- Opening Delimiter -

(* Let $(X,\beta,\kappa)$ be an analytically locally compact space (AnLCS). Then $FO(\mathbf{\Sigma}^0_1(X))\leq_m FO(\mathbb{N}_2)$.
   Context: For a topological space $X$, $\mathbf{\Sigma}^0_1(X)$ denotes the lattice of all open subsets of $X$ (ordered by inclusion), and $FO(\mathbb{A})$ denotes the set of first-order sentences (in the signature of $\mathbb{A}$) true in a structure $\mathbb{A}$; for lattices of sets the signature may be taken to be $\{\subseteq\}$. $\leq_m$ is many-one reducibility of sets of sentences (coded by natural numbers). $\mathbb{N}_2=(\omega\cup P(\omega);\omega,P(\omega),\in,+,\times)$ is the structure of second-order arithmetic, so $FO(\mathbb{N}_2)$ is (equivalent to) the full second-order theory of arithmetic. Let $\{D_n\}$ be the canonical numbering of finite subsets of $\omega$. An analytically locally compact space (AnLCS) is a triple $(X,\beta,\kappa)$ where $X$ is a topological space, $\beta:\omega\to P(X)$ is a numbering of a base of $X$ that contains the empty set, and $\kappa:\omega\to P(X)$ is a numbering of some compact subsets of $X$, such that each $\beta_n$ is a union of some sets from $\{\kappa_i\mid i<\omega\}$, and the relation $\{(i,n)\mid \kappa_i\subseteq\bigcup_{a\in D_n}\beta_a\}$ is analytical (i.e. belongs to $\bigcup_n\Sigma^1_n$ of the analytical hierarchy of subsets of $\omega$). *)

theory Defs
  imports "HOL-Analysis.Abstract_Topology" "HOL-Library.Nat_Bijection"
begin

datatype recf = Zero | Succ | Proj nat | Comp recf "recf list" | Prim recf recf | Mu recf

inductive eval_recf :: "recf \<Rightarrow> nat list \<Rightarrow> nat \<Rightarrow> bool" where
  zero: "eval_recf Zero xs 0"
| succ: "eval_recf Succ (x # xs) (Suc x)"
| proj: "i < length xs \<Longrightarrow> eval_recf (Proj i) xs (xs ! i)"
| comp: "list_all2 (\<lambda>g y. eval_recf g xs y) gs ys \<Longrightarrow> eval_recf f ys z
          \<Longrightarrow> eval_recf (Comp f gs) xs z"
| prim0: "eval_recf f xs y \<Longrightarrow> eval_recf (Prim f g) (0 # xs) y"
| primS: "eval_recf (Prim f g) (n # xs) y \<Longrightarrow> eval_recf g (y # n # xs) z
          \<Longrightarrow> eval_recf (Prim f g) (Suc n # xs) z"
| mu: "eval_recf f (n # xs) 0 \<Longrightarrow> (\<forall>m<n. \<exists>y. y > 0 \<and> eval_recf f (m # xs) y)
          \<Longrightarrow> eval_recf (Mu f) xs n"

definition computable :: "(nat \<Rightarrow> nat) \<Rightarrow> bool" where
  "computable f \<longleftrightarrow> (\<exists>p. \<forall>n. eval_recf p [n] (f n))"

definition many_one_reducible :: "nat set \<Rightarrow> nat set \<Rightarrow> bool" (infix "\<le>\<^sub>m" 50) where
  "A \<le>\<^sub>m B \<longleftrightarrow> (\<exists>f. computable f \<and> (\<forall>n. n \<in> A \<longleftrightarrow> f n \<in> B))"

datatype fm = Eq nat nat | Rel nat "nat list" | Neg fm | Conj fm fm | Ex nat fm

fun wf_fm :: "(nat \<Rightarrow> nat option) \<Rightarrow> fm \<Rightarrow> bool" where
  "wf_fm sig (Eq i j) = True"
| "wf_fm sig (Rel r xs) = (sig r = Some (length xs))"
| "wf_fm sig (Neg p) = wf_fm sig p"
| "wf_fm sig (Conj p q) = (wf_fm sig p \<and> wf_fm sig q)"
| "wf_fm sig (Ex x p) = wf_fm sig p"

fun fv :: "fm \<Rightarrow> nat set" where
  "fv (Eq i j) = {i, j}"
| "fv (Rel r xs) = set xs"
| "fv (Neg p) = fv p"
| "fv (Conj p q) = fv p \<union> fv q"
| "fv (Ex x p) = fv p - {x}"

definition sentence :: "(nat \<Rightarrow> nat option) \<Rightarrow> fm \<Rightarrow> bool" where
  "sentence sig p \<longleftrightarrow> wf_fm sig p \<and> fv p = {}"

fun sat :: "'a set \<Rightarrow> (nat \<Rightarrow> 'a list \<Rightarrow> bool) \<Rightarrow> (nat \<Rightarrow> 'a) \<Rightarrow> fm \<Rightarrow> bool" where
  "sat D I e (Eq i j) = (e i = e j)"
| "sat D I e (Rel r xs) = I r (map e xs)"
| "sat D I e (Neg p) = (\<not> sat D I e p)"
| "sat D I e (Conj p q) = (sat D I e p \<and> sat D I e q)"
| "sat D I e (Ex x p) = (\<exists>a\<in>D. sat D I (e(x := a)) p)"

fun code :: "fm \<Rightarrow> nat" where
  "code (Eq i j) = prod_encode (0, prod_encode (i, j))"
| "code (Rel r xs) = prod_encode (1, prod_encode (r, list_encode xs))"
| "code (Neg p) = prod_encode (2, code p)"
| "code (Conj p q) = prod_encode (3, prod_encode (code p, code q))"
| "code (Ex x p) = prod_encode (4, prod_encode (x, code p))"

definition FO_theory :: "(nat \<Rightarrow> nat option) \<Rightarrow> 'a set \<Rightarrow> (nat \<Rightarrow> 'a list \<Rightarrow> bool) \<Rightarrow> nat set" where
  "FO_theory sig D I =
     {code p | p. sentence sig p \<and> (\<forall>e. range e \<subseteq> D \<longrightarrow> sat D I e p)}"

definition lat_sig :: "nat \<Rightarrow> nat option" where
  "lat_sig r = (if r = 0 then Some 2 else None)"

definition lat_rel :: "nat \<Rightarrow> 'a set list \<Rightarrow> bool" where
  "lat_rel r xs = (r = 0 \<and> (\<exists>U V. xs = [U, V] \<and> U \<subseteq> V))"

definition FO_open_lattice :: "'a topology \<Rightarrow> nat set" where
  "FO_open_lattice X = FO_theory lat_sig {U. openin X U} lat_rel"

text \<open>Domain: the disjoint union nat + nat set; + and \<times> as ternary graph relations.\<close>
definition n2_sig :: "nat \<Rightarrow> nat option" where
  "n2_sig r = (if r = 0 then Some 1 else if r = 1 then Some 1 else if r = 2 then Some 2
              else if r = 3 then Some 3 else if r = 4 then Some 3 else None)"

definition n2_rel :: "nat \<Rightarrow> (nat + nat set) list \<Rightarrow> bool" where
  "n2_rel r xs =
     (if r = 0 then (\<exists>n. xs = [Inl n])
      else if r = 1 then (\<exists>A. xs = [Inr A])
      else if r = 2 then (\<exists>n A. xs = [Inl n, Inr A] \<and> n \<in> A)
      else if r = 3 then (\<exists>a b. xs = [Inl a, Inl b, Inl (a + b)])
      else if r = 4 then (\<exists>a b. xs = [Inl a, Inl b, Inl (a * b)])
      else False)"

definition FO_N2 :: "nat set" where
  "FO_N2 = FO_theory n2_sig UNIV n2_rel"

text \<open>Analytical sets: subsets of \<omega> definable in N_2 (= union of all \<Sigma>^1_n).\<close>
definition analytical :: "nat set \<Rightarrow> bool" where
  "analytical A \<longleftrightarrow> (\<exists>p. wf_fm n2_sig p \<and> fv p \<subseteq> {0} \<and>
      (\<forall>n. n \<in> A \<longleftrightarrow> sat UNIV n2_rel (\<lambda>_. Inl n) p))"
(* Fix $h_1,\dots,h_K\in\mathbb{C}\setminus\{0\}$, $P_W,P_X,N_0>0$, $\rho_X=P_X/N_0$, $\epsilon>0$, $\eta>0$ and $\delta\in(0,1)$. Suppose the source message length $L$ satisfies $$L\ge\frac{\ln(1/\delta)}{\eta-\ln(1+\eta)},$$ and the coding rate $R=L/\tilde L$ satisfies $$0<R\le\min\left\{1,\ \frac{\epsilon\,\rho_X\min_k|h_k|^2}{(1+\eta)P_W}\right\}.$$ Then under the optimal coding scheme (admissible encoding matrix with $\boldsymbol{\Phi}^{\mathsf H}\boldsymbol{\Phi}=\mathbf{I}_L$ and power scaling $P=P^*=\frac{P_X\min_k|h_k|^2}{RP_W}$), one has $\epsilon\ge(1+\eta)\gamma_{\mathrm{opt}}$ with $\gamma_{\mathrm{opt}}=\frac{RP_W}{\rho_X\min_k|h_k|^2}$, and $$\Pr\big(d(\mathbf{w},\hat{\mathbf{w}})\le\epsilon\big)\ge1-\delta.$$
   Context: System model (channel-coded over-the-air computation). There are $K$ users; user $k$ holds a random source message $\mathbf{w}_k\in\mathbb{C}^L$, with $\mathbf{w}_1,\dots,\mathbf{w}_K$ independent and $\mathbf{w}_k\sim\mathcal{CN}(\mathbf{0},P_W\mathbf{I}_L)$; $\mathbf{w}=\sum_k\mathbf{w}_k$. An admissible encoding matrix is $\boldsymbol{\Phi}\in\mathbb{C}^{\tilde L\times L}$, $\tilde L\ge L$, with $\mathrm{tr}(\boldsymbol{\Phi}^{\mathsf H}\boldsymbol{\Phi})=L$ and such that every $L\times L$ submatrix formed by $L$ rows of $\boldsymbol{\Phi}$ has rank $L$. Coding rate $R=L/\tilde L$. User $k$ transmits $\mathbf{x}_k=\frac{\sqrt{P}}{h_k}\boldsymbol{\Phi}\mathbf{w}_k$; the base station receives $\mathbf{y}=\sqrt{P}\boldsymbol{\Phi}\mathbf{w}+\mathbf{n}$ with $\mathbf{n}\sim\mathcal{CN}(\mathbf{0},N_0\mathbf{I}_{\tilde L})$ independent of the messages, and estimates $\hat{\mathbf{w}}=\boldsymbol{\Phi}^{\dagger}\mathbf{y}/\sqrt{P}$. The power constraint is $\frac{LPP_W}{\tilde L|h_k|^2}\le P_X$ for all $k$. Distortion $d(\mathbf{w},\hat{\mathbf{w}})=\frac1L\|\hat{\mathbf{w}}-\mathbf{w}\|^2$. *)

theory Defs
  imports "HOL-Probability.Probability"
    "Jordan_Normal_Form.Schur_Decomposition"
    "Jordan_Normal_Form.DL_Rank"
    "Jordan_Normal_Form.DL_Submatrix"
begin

- Closing Delimiter -

Directions for this task: All that is needed is the exact run of lines above from the line containing "sig (Conj p" through the line containing "Some 2 else", both of them included.

Solution for this exercise:
| "wf_fm sig (Conj p q) = (wf_fm sig p \<and> wf_fm sig q)"
| "wf_fm sig (Ex x p) = wf_fm sig p"

fun fv :: "fm \<Rightarrow> nat set" where
  "fv (Eq i j) = {i, j}"
| "fv (Rel r xs) = set xs"
| "fv (Neg p) = fv p"
| "fv (Conj p q) = fv p \<union> fv q"
| "fv (Ex x p) = fv p - {x}"

definition sentence :: "(nat \<Rightarrow> nat option) \<Rightarrow> fm \<Rightarrow> bool" where
  "sentence sig p \<longleftrightarrow> wf_fm sig p \<and> fv p = {}"

fun sat :: "'a set \<Rightarrow> (nat \<Rightarrow> 'a list \<Rightarrow> bool) \<Rightarrow> (nat \<Rightarrow> 'a) \<Rightarrow> fm \<Rightarrow> bool" where
  "sat D I e (Eq i j) = (e i = e j)"
| "sat D I e (Rel r xs) = I r (map e xs)"
| "sat D I e (Neg p) = (\<not> sat D I e p)"
| "sat D I e (Conj p q) = (sat D I e p \<and> sat D I e q)"
| "sat D I e (Ex x p) = (\<exists>a\<in>D. sat D I (e(x := a)) p)"

fun code :: "fm \<Rightarrow> nat" where
  "code (Eq i j) = prod_encode (0, prod_encode (i, j))"
| "code (Rel r xs) = prod_encode (1, prod_encode (r, list_encode xs))"
| "code (Neg p) = prod_encode (2, code p)"
| "code (Conj p q) = prod_encode (3, prod_encode (code p, code q))"
| "code (Ex x p) = prod_encode (4, prod_encode (x, code p))"

definition FO_theory :: "(nat \<Rightarrow> nat option) \<Rightarrow> 'a set \<Rightarrow> (nat \<Rightarrow> 'a list \<Rightarrow> bool) \<Rightarrow> nat set" where
  "FO_theory sig D I =
     {code p | p. sentence sig p \<and> (\<forall>e. range e \<subseteq> D \<longrightarrow> sat D I e p)}"

definition lat_sig :: "nat \<Rightarrow> nat option" where
  "lat_sig r = (if r = 0 then Some 2 else None)"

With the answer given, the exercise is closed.